Iain Duncan Smith will stay on as work and pensions secretary, continuing his work on benefit reform, introducing universal credit and additionally responsible for the £12bn of welfare cuts the Tories promised in their manifesto.

Baroness Stowell will also be made a full member of the cabinet, as leader of the lords and lord privy seal.

Boris Johnson is set to attend Cameron’s political Cabinet but will not hold a position in the government. Instead he will devote his attention to his final year as mayor of London.

Robert Halfon is to move on from his role as the chancellor’s parliamentary private secretary to become deputy chairman of the Conservative Party.

It is understood that Cameron wants to give more women a prominent role in government, with as many as 12 to be given senior roles.

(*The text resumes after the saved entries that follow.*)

lemma connected_few_edges_has_leaf:
  assumes fin: "finite V" and inV: "\<And>a b. R a b \<Longrightarrow> a \<in> V \<and> b \<in> V"
    and conn: "connected_on R V" and few: "card {(a, b). R a b} < 2 * card V"
    and two: "2 \<le> card V"
  obtains x y0 where "x \<in> V" "\<And>y. R x y \<longleftrightarrow> y = y0"
proof -
  have "\<not> (\<forall>x\<in>V. 2 \<le> card {y. R x y})"
    using sum_mono[of V "\<lambda>_. 2" "\<lambda>x. card {y. R x y}"] few
      card_rel_eq_sum_degrees[OF fin inV] by auto
  then obtain x where x: "x \<in> V" "card {y. R x y} \<le> 1" by auto
  have "card (V - {x}) \<noteq> 0" using two x(1) by simp
  then obtain c where "c \<in> V - {x}" by (metis all_not_in_conv card.empty)
  then obtain y0 where y0: "R x y0"
    using conn x(1) unfolding connected_on_def
    by (metis (no_types, lifting) DiffE case_prodD converse_rtranclE mem_Collect_eq singletonI)
  have "finite {y. R x y}" using fin inV by (auto intro: finite_subset[of _ V])
  then have "\<forall>a\<in>{y. R x y}. \<forall>b\<in>{y. R x y}. a = b"
    using x(2) card_le_Suc0_iff_eq by auto
  then have "R x y \<longleftrightarrow> y = y0" for y using y0 by blast
  then show thesis using that x(1) by blast
qed

text \<open>Removing a leaf keeps the graph connected, lowers the edge count by two and the vertex
  count by one, and cannot destroy a cycle.\<close>
lemma connected_few_edges_not_has_cycle:
  assumes "finite V" "\<And>a b. R a b \<Longrightarrow> a \<in> V \<and> b \<in> V"
    "\<And>a b. R a b \<Longrightarrow> R b a" "\<And>a. \<not> R a a"
    "connected_on R V" "card {(a, b). R a b} < 2 * card V"
  shows "\<not> has_cycle R V"
  using assms
proof (induction "card V" arbitrary: V R rule: less_induct)
  case less
  note fin = less.prems(1) and inV = less.prems(2) and symR = less.prems(3)
    and irrefl = less.prems(4) and conn = less.prems(5) and few = less.prems(6)
  show ?case
  proof
    assume cyc: "has_cycle R V"
    then have "2 \<le> card V" using has_cycle_card[OF cyc fin] by simp
    then obtain x y0 where x: "x \<in> V" and leaf: "\<And>y. R x y \<longleftrightarrow> y = y0"
      using connected_few_edges_has_leaf[OF fin inV conn few] by blast
    have "y0 \<noteq> x" using leaf irrefl by blast
    let ?R' = "\<lambda>a b. R a b \<and> a \<noteq> x \<and> b \<noteq> x"
    have "{(a, b). R a b} \<subseteq> V \<times> V" using inV by auto
    then have "finite {(a, b). R a b}" using fin finite_subset by blast
    then have "card {(a, b). R a b} = card {(a, b). ?R' a b} + 2"
      using card_rel_remove_leaf[of R x y0, OF _ symR leaf \<open>y0 \<noteq> x\<close>] by blast
    moreover have "card (V - {x}) = card V - 1" using x by simp
    ultimately have "card {(a, b). ?R' a b} < 2 * card (V - {x})" using few by linarith
    moreover have "card (V - {x}) < card V" using fin x by (rule card_Diff1_less)
    ultimately have "\<not> has_cycle ?R' (V - {x})"
      by (intro less.hyps)
        (use fin inV symR irrefl connected_on_remove_leaf[OF conn symR leaf] in auto)
    moreover have "has_cycle ?R' (V - {x})"
      by (rule has_cycle_avoids_leaf[OF cyc]) (use symR leaf in auto)
    ultimately show False by contradiction
  qed
qed
(* Every connected threshold graph on $n\geq 2$ vertices is isomorphic to an induced subgraph of the anti-regular graph $A_{2n-2}$. More precisely, let $G$ be a connected threshold graph with binary string $b=0^{s_1}1^{t_1}\cdots 0^{s_k}1^{t_k}$ (all $s_i,t_i\geq 1$) and $n=\sum_{i=1}^k(s_i+t_i)$ vertices. Let $N=2(n-k)$ if $s_1=1$ and $N=2(n-k)-1$ if $s_1\geq 2$. Then $G$ is an induced subgraph of $A_N$, and $A_N$ is the smallest anti-regular graph containing $G$ as an induced subgraph.
   Context: Threshold graphs from binary strings: given $b=b_1b_2\cdots b_n\in\{0,1\}^n$ with $b_1=0$, let $G_1$ be a single vertex, and for $j=2,\ldots,n$ obtain $G_j$ from $G_{j-1}$ by adding a new vertex which is adjacent to all previous vertices if $b_j=1$ and isolated if $b_j=0$; $G(b)=G_n$ and $b$ is called the binary string of $G(b)$. $G(b)$ is connected iff $b_n=1$. The notation $0^{s}$ (resp. $1^t$) denotes $s$ consecutive zeros (resp. $t$ consecutive ones). The anti-regular graph $A_m$ is $G(b)$ with $b=0101\cdots01$ (length $m$) when $m$ is even and $b=00101\cdots01$ (length $m$) when $m$ is odd. *)

theory Defs
  imports Main
begin

(* Binary strings are bool lists (True = 1, False = 0); position j (0-indexed)
   corresponds to b_{j+1}.  Vertices of G(b) are 0..<length b, vertex j being the
   one added at step j+1. *)

definition thr_adj :: "bool list \<Rightarrow> nat \<Rightarrow> nat \<Rightarrow> bool" where
  "thr_adj b i j \<longleftrightarrow> i \<noteq> j \<and> i < length b \<and> j < length b \<and> b ! (max i j)"

definition induced_sub :: "bool list \<Rightarrow> bool list \<Rightarrow> bool" where
  "induced_sub b c \<longleftrightarrow>
     (\<exists>f. inj_on f {0..<length b} \<and> f ` {0..<length b} \<subseteq> {0..<length c} \<and>
          (\<forall>i<length b. \<forall>j<length b. thr_adj b i j \<longleftrightarrow> thr_adj c (f i) (f j)))"

definition antireg :: "nat \<Rightarrow> bool list" where
  "antireg m = (if even m then map (\<lambda>i. odd i) [0..<m]
                else map (\<lambda>i. 1 \<le> i \<and> even i) [0..<m])"

definition block_string :: "nat list \<Rightarrow> nat list \<Rightarrow> bool list" where
  "block_string s t = concat (map (\<lambda>i. replicate (s ! i) False @ replicate (t ! i) True)
                                  [0..<length s])"

end

(* An induced copy of G(b) inside a threshold graph G(c) can always be chosen
   order-preserving: the vertex mapped to the largest vertex of the copy is a twin of the
   last vertex of G(b) (both dominate, or both are isolated from, all other vertices), so
   the two may be swapped, and induction does the rest.  Hence G(b) is an induced subgraph
   of G(c) iff b_2 ... b_n occurs as a subsequence of c_2 c_3 ... .
   In A_M the bits from the second one on alternate, so consecutive equal bits of b must be
   mapped two positions apart and different ones may be adjacent: G(b) embeds into A_M iff
   M >= n + r, plus one if the second vertex of A_M carries the wrong bit, where r counts
   the equal adjacent pairs among b_2 ... b_n.  A block string with k blocks has 2k - 1 bit
   changes, so r = n - 2k - 1 + [s_1 = 1], i.e. n + r = N. *)

theory Submission
  imports Defs "HOL-Combinatorics.Transposition"
begin

lemma thr_adj_sym: "thr_adj b i j = thr_adj b j i"
  unfolding thr_adj_def by (auto simp: max.commute)

lemma thr_adj_less: "i < j \<Longrightarrow> j < length b \<Longrightarrow> thr_adj b i j = b ! j"
  unfolding thr_adj_def by (simp add: max_def)

lemma thr_adj_take: "i < l \<Longrightarrow> j < l \<Longrightarrow> l \<le> length b \<Longrightarrow> thr_adj (take l b) i j = thr_adj b i j"
  unfolding thr_adj_def by (auto simp: max_def)

definition thr_embedding :: "bool list \<Rightarrow> bool list \<Rightarrow> (nat \<Rightarrow> nat) \<Rightarrow> bool" where
  "thr_embedding b c f \<longleftrightarrow> inj_on f {..<length b} \<and> f ` {..<length b} \<subseteq> {..<length c} \<and>
     (\<forall>i<length b. \<forall>j<length b. thr_adj b i j \<longleftrightarrow> thr_adj c (f i) (f j))"

lemma induced_sub_iff_thr_embedding: "induced_sub b c \<longleftrightarrow> (\<exists>f. thr_embedding b c f)"
  unfolding induced_sub_def thr_embedding_def by (simp add: atLeast0LessThan)

definition bit_embedding :: "bool list \<Rightarrow> bool list \<Rightarrow> (nat \<Rightarrow> nat) \<Rightarrow> bool" where
  "bit_embedding b c h \<longleftrightarrow> strict_mono_on {..<length b} h \<and> (\<forall>i<length b. h i < length c) \<and>
     (\<forall>i. 1 \<le> i \<longrightarrow> i < length b \<longrightarrow> c ! h i = b ! i)"

lemma thr_embedding_if_bit_embedding:
  assumes "bit_embedding b c h"
  shows "thr_embedding b c h"
proof -
  have mono: "strict_mono_on {..<length b} h" and rng: "\<And>i. i < length b \<Longrightarrow> h i < length c"
    and bits: "\<And>i. 1 \<le> i \<Longrightarrow> i < length b \<Longrightarrow> c ! h i = b ! i"
    using assms unfolding bit_embedding_def by auto
  have adj_less: "thr_adj b i j = thr_adj c (h i) (h j)" if "i < j" "j < length b" for i j
  proof -
    have "h i < h j" using mono that by (auto intro: strict_mono_onD)
    then show ?thesis using that rng bits by (simp add: thr_adj_less)
  qed
  have "thr_adj b i j = thr_adj c (h i) (h j)" if "i < length b" "j < length b" for i j
    using adj_less[of i j] adj_less[of j i] that thr_adj_sym[of b] thr_adj_sym[of c]
    by (cases i j rule: linorder_cases) (auto simp: thr_adj_def)
  then show ?thesis
    using strict_mono_on_imp_inj_on[OF mono] rng unfolding thr_embedding_def by auto
qed

lemma transpose_twins_automorphism:
  assumes irrefl: "\<And>x. \<not> E x x" and sym: "\<And>x y. E x y = E y x"
    and twins: "\<And>x. x \<noteq> j \<Longrightarrow> x \<noteq> l \<Longrightarrow> E x j = E x l"
  shows "E (transpose j l x) (transpose j l y) = E x y"
  by (auto simp: transpose_def irrefl) (metis sym twins)+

Amber Rudd has been promoted to energy secretary, where she previously served as minister for climate change under former Lib Dem MP Ed Davey.

Priti Patel, the MP for Witham, has been announced as employment minister and will also attend Cabinet. Anna Soubry and Andrea Leadsom are also expected to be given Cabinet posts.

Liz Truss, who served as environment secretary in the Coalition, is also expected to be given a greater role.

Cameron is to spend the rest of the morning addressing the 1922 Committee and will continue announcing government appointments this afternoon.

The first Cabinet announcements made on Friday were all reappointments. George Osborne is back as chancellor, with the added title of first secretary of state, making him the most senior minister in cabinet.

Cameron has also brought back Theresa May as home secretary, Philip Hammond as foreign secretary and Michael Fallon as defence secretary.